| ggm.estimate.pcor {GeneTS} | R Documentation |
ggm.estimate.pcor implements various small-sample point estimators of partial
correlation that can be employed also for small sample data sets. Their statistical
properties are investigated in detail in Schaefer and Strimmer (2005).
ggm.estimate.pcor(x, method = c("observed.pcor", "partial.bagged.cor", "bagged.pcor"), R = 1000, ...)
x |
data matrix (each rows corresponds to one multivariate observation) |
method |
method used to estimate the partial correlation matrix. Available options are "observed.pcor" (default), "partial.bagged.cor", and "bagged.pcor". |
R |
number of bootstrap replicates (bagged estimators only) |
... |
options passed to partial.cor, bagged.cor,
and bagged.pcor. |
The result can be summarized as follows (with n being the sample size, and p being the number of variables):
observed.pcor: Observed partial correlation (Pi-1). Should be used preferentially for n >> p. In this region the other two estimators perform equally well but are slower due to bagging.

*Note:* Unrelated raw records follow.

lemma twins_at_same_position:
  assumes "sorts_decreasing n x \<pi>" "sorts_decreasing n y \<sigma>" "same_pattern n A x y" "p < n"
  shows "twins n A x (\<sigma> p) (\<pi> p)"
proof (rule ccontr)
  let ?N = "nontwins_above n A x" and ?T = "twin_class n A x"
  assume not_twins: "\<not> twins n A x (\<sigma> p) (\<pi> p)"
  have "\<sigma> p < n"
    using assms(2,4) permutes_in_image by (fastforce simp: sorts_decreasing_def)
  then have bounds_\<sigma>: "card (?N (\<sigma> p)) \<le> p" "p < card (?N (\<sigma> p)) + card (?T (\<sigma> p))"
    using position_bounds[OF assms(2,4), of A]
    by (simp_all add: nontwins_above_same_pattern[OF assms(3)] twin_class_same_pattern[OF assms(3)])
  have bounds_\<pi>: "card (?N (\<pi> p)) \<le> p" "p < card (?N (\<pi> p)) + card (?T (\<pi> p))"
    using position_bounds[OF assms(1,4)] by simp_all
  have "x (\<sigma> p) \<noteq> x (\<pi> p)" using not_twins twins_if_eq by metis
  then consider "x (\<pi> p) < x (\<sigma> p)" | "x (\<sigma> p) < x (\<pi> p)" by linarith
  then show False
  proof cases
    case 1
    with card_nontwins_above_less[OF not_twins] show False
      using bounds_\<sigma> bounds_\<pi> by linarith
  next
    case 2
    moreover have "\<not> twins n A x (\<pi> p) (\<sigma> p)" using not_twins twins_sym by blast
    ultimately show False
      using card_nontwins_above_less[of n A x "\<pi> p" "\<sigma> p"] bounds_\<sigma> bounds_\<pi> by linarith
  qed
qed

section \<open>Regions and sign patterns\<close>

lemma region_eq_component:
  assumes "is_region n A \<Omega>" "x \<in> \<Omega>"
  shows "\<Omega> = connected_component_set (arr_complement n A) x"
  using assms unfolding is_region_def components_iff by (metis connected_component_eq)

lemma region_same_pattern:
  assumes "is_region n A \<Omega>" "x \<in> \<Omega>" "y \<in> \<Omega>"
  shows "same_pattern n A x y"
  unfolding same_pattern_def
proof (intro allI impI ballI)
  fix i u a assume "i < n" "u < n" "a \<in> A"
  show "x i - x u > a \<longleftrightarrow> y i - y u > a"
  proof (cases "i = u")
    case False
    let ?f = "\<lambda>z :: nat \<Rightarrow> real. z i - z u"
    have "connected \<Omega>" and sub: "\<Omega> \<subseteq> arr_complement n A"
      using assms(1) by (auto simp: is_region_def dest: in_components_connected in_components_subset)
    moreover have "continuous_on \<Omega> ?f"
      by (intro continuous_intros continuous_on_subset[OF continuous_on_product_coordinates]) auto
    ultimately have "connected (?f ` \<Omega>)" using connected_continuous_image by blast
    moreover have "a \<notin> ?f ` \<Omega>"
      using sub False \<open>i < n\<close> \<open>u < n\<close> \<open>a \<in> A\<close> by (force simp: arr_complement_def)
    ultimately have "\<not> (?f p \<le> a \<and> a \<le> ?f q)" if "p \<in> \<Omega>" "q \<in> \<Omega>" for p q
      using that unfolding connected_iff_interval by blast
    then show ?thesis using assms(2,3) by force
  qed simp
qed

lemma convex_comb_same_side:
  fixes X Y a t :: real
  assumes "X \<noteq> a" "Y \<noteq> a" "X > a \<longleftrightarrow> Y > a" "0 \<le> t" "t \<le> 1"
  shows "(1 - t) * X + t * Y \<noteq> a"
proof (cases "X < a")
  case True
  then show ?thesis using assms convex_bound_lt[of X a Y "1 - t" t] by auto
next
  case False
  then show ?thesis using assms convex_bound_lt[of "- X" "- a" "- Y" "1 - t" t] by auto
qed

lemma same_pattern_connected:
  assumes x: "x \<in> arr_complement n A" and y: "y \<in> arr_complement n A"
    and pattern: "same_pattern n A x y"
  shows "connected_component (arr_complement n A) x y"
proof -
  define g where "g t = (\<lambda>k. (1 - t) * x k + t * y k)" for t :: real
  have "g t \<in> arr_complement n A" if t: "0 \<le> t" "t \<le> 1" for t
  proof -
    have "g t \<in> Rn n" using x y by (simp add: arr_complement_def Rn_def g_def)
    moreover have "g t i - g t u \<noteq> a" if "i < n" "u < n" "i \<noteq> u" "a \<in> A" for i u a
    proof -
      have "g t i - g t u = (1 - t) * (x i - x u) + t * (y i - y u)"
        by (simp add: g_def algebra_simps)
      moreover have "x i - x u \<noteq> a" "y i - y u \<noteq> a"
        using x y that by (simp_all add: arr_complement_def)
      moreover have "x i - x u > a \<longleftrightarrow> y i - y u > a"
        using pattern that by (simp add: same_pattern_def)
      ultimately show ?thesis using convex_comb_same_side t by presburger
    qed
    ultimately show ?thesis by (simp add: arr_complement_def)
  qed
  then have "g ` {0..1} \<subseteq> arr_complement n A" by auto
  moreover have "connected (g ` {0..1})"
    by (intro connected_continuous_image connected_Icc)
      (auto simp: g_def intro!: continuous_on_coordinatewise_then_product continuous_intros)
  moreover have "x \<in> g ` {0..1}" "y \<in> g ` {0..1}"
    using image_eqI[of x g 0 "{0..1}"] image_eqI[of y g 1 "{0..1}"] by (simp_all add: g_def)
  ultimately show ?thesis by (blast intro: connected_componentI)
qed

lemma block_letters_eq_iff_twins:
  assumes part: "is_p_partition n A x \<pi> ls"
    and \<pi>: "\<pi> permutes {..<n}" and \<sigma>: "\<sigma> permutes {..<n}"
  shows "block_letters \<sigma> ls = block_letters \<pi> ls \<longleftrightarrow> (\<forall>p<n. twins n A x (\<pi> p) (\<sigma> p))"
proof -
  have blocks: "\<And>s t. s < n \<Longrightarrow> t < n \<Longrightarrow> same_block ls s t \<longleftrightarrow> twins n A x (\<pi> s) (\<pi> t)"
    using part
    by (simp add: is_p_partition_iff_block_partition block_partition_def pos_equiv_iff_twins[OF \<pi>])
  have in_range: "s \<in> block_pos ls j \<Longrightarrow> s < n" for s j
    using part block_pos_subset by (fastforce simp: is_p_partition_def composition_def)
  have inv_\<pi>: "inv \<pi> v < n" "\<pi> (inv \<pi> v) = v" if "v < n" for v
    using that permutes_in_image[OF permutes_inv[OF \<pi>]] permutes_inverses(1)[OF \<pi>] by auto
  have "block_letters \<sigma> ls = block_letters \<pi> ls \<longleftrightarrow>
      (\<forall>j<length ls. \<sigma> ` block_pos ls j = \<pi> ` block_pos ls j)"
    by (simp add: block_letters_def atLeast0LessThan Ball_def)
  also have "\<dots> \<longleftrightarrow> (\<forall>p<n. twins n A x (\<pi> p) (\<sigma> p))"
  proof (intro iffI allI impI)
    fix p assume images: "\<forall>j<length ls. \<sigma> ` block_pos ls j = \<pi> ` block_pos ls j" and "p < n"
    then obtain j where j: "j < length ls" "p \<in> block_pos ls j"
      using blocks[of p p] equivp_reflp[OF equivp_twins] by (auto simp: same_block_def)
    then obtain q where "q \<in> block_pos ls j" "\<sigma> p = \<pi> q" using images by blast
    then show "twins n A x (\<pi> p) (\<sigma> p)"
      using blocks[of p q] j in_range by (auto simp: same_block_def)
  next
    fix j assume tw: "\<forall>p<n. twins n A x (\<pi> p) (\<sigma> p)" and "j < length ls"
    let ?B = "block_pos ls j"
    have "\<sigma> ` ?B \<subseteq> \<pi> ` ?B"
    proof
      fix v assume "v \<in> \<sigma> ` ?B"
      then obtain p where p: "p \<in> ?B" "v = \<sigma> p" by blast
      then have "p < n" "v < n" using in_range permutes_in_image[OF \<sigma>] by auto
      then have "same_block ls (inv \<pi> v) p"
        using blocks[of "inv \<pi> v" p] tw inv_\<pi> p(2) twins_sym by metis
      then have "inv \<pi> v \<in> ?B" using p(1) block_pos_unique by (auto simp: same_block_def)
      then show "v \<in> \<pi> ` ?B" using inv_\<pi>(2)[OF \<open>v < n\<close>] by (metis image_eqI)
    qed
    moreover have "card (\<sigma> ` ?B) = card (\<pi> ` ?B)"
      using card_image permutes_inj_on[OF \<sigma>] permutes_inj_on[OF \<pi>] by metis
    ultimately show "\<sigma> ` ?B = \<pi> ` ?B"
      by (simp add: card_subset_eq block_pos_def)
  qed
  finally show ?thesis .
qed

lemma part_equiv_block_letters_imp_eq:
  assumes "\<pi> permutes {..<n}" "\<sigma> permutes {..<n}"
    and "part_equiv (block_letters \<pi> ls) (block_letters \<sigma> ls')"
  shows "ls' = ls"
proof (rule nth_equalityI)
  show len: "length ls' = length ls"
    using assms(3) by (simp add: part_equiv_def block_letters_def)
  fix j assume "j < length ls'"
  then have "\<sigma> ` block_pos ls' j = \<pi> ` block_pos ls j"
    using assms(3) len by (simp add: part_equiv_def block_letters_def)
  then have "card (block_pos ls' j) = card (block_pos ls j)"
    using card_image permutes_inj_on[OF assms(1)] permutes_inj_on[OF assms(2)] by metis
  then show "ls' ! j = ls ! j"
    using card_block_pos \<open>j < length ls'\<close> len by metis
qed

section \<open>Realising an equivalent partition\<close>

lemma complement_margin:
  assumes "finite A" "x \<in> arr_complement n A"
  shows "\<exists>\<delta>>0. \<forall>i<n. \<forall>u<n. i \<noteq> u \<longrightarrow> (\<forall>a\<in>A. \<delta> \<le> \<bar>x i - x u - a\<bar>)"
proof -
  define S where "S = (\<lambda>(i, u, a). \<bar>x i - x u - a\<bar>) ` {(i, u, a). i < n \<and> u < n \<and> i \<noteq> u \<and> a \<in> A}"
  have "finite S"
  proof -
    have "{(i, u, a). i < n \<and> u < n \<and> i \<noteq> u \<and> a \<in> A} \<subseteq> {..<n} \<times> {..<n} \<times> A" by auto
    then show ?thesis
      unfolding S_def using assms(1) by (meson finite_SigmaI finite_imageI finite_lessThan finite_subset)
  qed
  moreover have "\<forall>d\<in>S. d > 0" using assms(2) by (auto simp: S_def arr_complement_def)
  ultimately have "Min (insert 1 S) > 0" by simp
  moreover have "Min (insert 1 S) \<le> \<bar>x i - x u - a\<bar>" if "i < n" "u < n" "i \<noteq> u" "a \<in> A" for i u a
  proof -
    have "\<bar>x i - x u - a\<bar> \<in> S" unfolding S_def using that by force
    then show ?thesis using \<open>finite S\<close> by simp
  qed
  ultimately show ?thesis by blast
qed

lemma shifted_assoc_perm:
  assumes sorted: "sorts_decreasing n x \<pi>" and \<sigma>: "\<sigma> permutes {..<n}" and "\<epsilon> > 0"
    and y_\<sigma>: "\<And>s. s < n \<Longrightarrow> y (\<sigma> s) = x (\<pi> s) - \<epsilon> * real s"
  shows "assoc_perm n y \<sigma>"
proof -
  have decreasing: "y (\<sigma> t) < y (\<sigma> s)" if "s < t" "t < n" for s t
  proof -
    have "x (\<pi> t) \<le> x (\<pi> s)" using sorted that by (simp add: sorts_decreasing_def)
    moreover have "\<epsilon> * real s < \<epsilon> * real t" using that \<open>\<epsilon> > 0\<close> by simp
    ultimately show ?thesis using y_\<sigma>[of s] y_\<sigma>[of t] that by linarith
  qed
  have inv_\<sigma>: "inv \<sigma> v < n" "\<sigma> (inv \<sigma> v) = v" if "v < n" for v
    using that permutes_in_image[OF permutes_inv[OF \<sigma>]] permutes_inverses(1)[OF \<sigma>] by auto
  show ?thesis
    unfolding assoc_perm_def
  proof (intro conjI \<sigma> allI impI)
    fix s t assume "s < t \<and> t < n"
    then show "y (\<sigma> t) \<le> y (\<sigma> s)" using decreasing by (simp add: less_imp_le)
  next
    fix i j assume ij: "i < j \<and> j < n \<and> y i = y j"
    then have i: "\<sigma> (inv \<sigma> i) = i" "inv \<sigma> i < n" and j: "\<sigma> (inv \<sigma> j) = j" "inv \<sigma> j < n"
      using inv_\<sigma> by auto
    then have "inv \<sigma> i \<noteq> inv \<sigma> j" using ij by (metis less_irrefl)
    moreover have "\<not> inv \<sigma> j < inv \<sigma> i"
      using decreasing[of "inv \<sigma> j" "inv \<sigma> i"] i j ij by auto
    ultimately show "inv \<sigma> i < inv \<sigma> j" by simp
  qed
qed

partial.bagged.cor: Partial bagged correlation (Pi-2). Best used for small sample applications with n < p. Here the advantages of Pi-2 are its small variance, its high accuracy as a point estimate, and its overall best power and positive predictive value (PPV). In addition it is computationally less expensive than Pi-3.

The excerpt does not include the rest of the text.